Quantitative changes in the IHC ribbon synapses induced by noise exposure. The ribbon synapses were labeled with anti-CtBP2 (green). The cell nuclei were labeled with DAPI (blue). A significant reduction in ribbon synapses immunostaining spots was shown in the 3-month exposed group, especially near the middle range (scale bar = 5 μm). The average number of ribbon synapses in each IHC was calculated. No significant difference was observed between the UNE1M and E1M groups. Compared to the UNE1M group, the number of ribbon synapses decreased from the 50% location to the bottom in the UNE3M group. Compared to the UNE3M group, the loss of synapses in the E3M group affected almost the entire length of the cochlea, with the most severe loss presented in the middle region (30-70% from the apex) (n = 5 per group). Data are presented as mean ± SD. #P<0.05, ##P<0.01 vs. UNE1M; *P<0.05, **P<0.01, ***P<0.001 vs. E3M.

Combined long-term environmental noise exposure and aging aggravated hearing loss

The ABR thresholds were higher in the UNE3M group than in the UNE1M group for frequencies over 16 kHz (P<0.05); however, the thresholds further increased in the E3M group, as previously mentioned. In the E3M group, the threshold value increased across the full frequency range and was most concentrated at the 8-24 kHz region (Figure 1). Thus, the changes in hearing threshold were more extensive and drastic after long-term exposure to environmental noise.
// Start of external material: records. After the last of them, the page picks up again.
lemma measure_cantor_square_gap_le:
  assumes "0 < t" "0 < s" "s \<le> 2 * a"
  shows "measure lebesgue (cantor_square_gap t a s) \<le> t * (s^2 / 7)"
proof -
  have "(\<lambda>n. t * (s^2 / 7 + 2 * s * (a + s) * (2/3) ^ n)) \<longlonglongrightarrow> t * (s^2 / 7 + 2 * s * (a + s) * 0)"
    by (intro tendsto_intros LIMSEQ_realpow_zero) auto
  then have "measure lebesgue (cantor_square_gap t a s) \<le> t * (s^2 / 7 + 2 * s * (a + s) * 0)"
    using measure_cantor_square_gap_le_geometric[OF assms] by (intro LIMSEQ_le_const) auto
  then show ?thesis by simp
qed

lemma cantor_product_set_eq: "cantor_product_set = cantor_set * cantor_set"
  unfolding cantor_product_set_def set_times_def by auto

lemma lmeasurable_cantor_product_set: "cantor_product_set \<in> lmeasurable"
  unfolding cantor_product_set_eq
  by (intro lmeasurable_compact compact_set_times compact_cantor_set)

lemma cantor_set_scaled_subset: "((1/3) ^ k) *o cantor_set \<subseteq> cantor_set"
proof (induction k)
  case 0
  show ?case by (auto simp: elt_set_times_def)
next
  case (Suc k)
  have "(1/3) *o cantor_set \<subseteq> cantor_set"
  proof
    fix x assume "x \<in> (1/3) *o cantor_set"
    then obtain c where "c \<in> cantor_set" "x = (0 + c) / 3"
      by (auto simp: elt_set_times_def)
    then show "x \<in> cantor_set"
      using cantor_set_prepend_digit by blast
  qed
  then show ?case
    using set_times_mono[OF Suc.IH, of "1/3"] by (auto simp: set_times_rearrange2)
qed
(* Let $R\subseteq\mathbb{R}^2$ be open and let $f:R\to\mathbb{R}^2$ be $C^1$. Let $R_0$ be a connected component of $R\setminus f^{-1}(f(S)\cup C(f))$, choose $z_0\in R_0$, let $w_0=f(z_0)$, and let $\Omega_0$ be the connected component of $\mathbb{R}^2\setminus(f(S)\cup C(f))$ containing $w_0$. Suppose that $w_0$ has exactly $n_0$ distinct preimages in $R_0$, where $0<n_0\le\mathrm{Val}(f,w_0)$. Then every $w\in\Omega_0$ has exactly $n_0$ distinct preimages in $R_0$.
   Context: Write $f=(u,v)$; $J_f=u_xv_y-u_yv_x$ and $S=\{z\in R: J_f(z)=0\}$. $C(f)$ is the set of finite points $\zeta\in\mathbb{R}^2$ for which there is a sequence $(z_n)\subset R$ converging to a point of $\partial R$ or with $|z_n|\to\infty$, such that $f(z_n)\to\zeta$. $\mathrm{Val}(f,w)$ is the number (possibly infinite) of distinct $z\in R$ with $f(z)=w$. *)

theory Defs
  imports "HOL-Analysis.Analysis" "HOL-Library.Extended_Nat"
begin

definition C1_on :: "(real^2) set \<Rightarrow> (real^2 \<Rightarrow> real^2) \<Rightarrow> bool" where
  "C1_on R f \<longleftrightarrow> (\<forall>z\<in>R. f differentiable (at z)) \<and>
      continuous_on R (\<lambda>z. matrix (frechet_derivative f (at z)))"

definition jacobian_det :: "(real^2 \<Rightarrow> real^2) \<Rightarrow> real^2 \<Rightarrow> real" where
  "jacobian_det f z = det (matrix (frechet_derivative f (at z)))"

definition crit_set :: "(real^2) set \<Rightarrow> (real^2 \<Rightarrow> real^2) \<Rightarrow> (real^2) set" where
  "crit_set R f = {z\<in>R. jacobian_det f z = 0}"

definition cluster_set :: "(real^2) set \<Rightarrow> (real^2 \<Rightarrow> real^2) \<Rightarrow> (real^2) set" where
  "cluster_set R f = {\<zeta>. \<exists>z::nat \<Rightarrow> real^2. (\<forall>n. z n \<in> R) \<and>
      ((\<exists>p\<in>frontier R. z \<longlonglongrightarrow> p) \<or> filterlim (\<lambda>n. norm (z n)) at_top sequentially) \<and>
      (\<lambda>n. f (z n)) \<longlonglongrightarrow> \<zeta>}"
For Wave I, which represents cochlear function, the amplitude at high frequencies over 16 kHz were lower in the UNE3M than in the UNE1M group (P<0.05). However, in the E3M group, the amplitude decreased compared with the UNE3M group in the full frequency range, with a maximum decrease between 8 and 24 kHz (Figure 2), which exactly overlapped with the frequencies of ABR thresholds.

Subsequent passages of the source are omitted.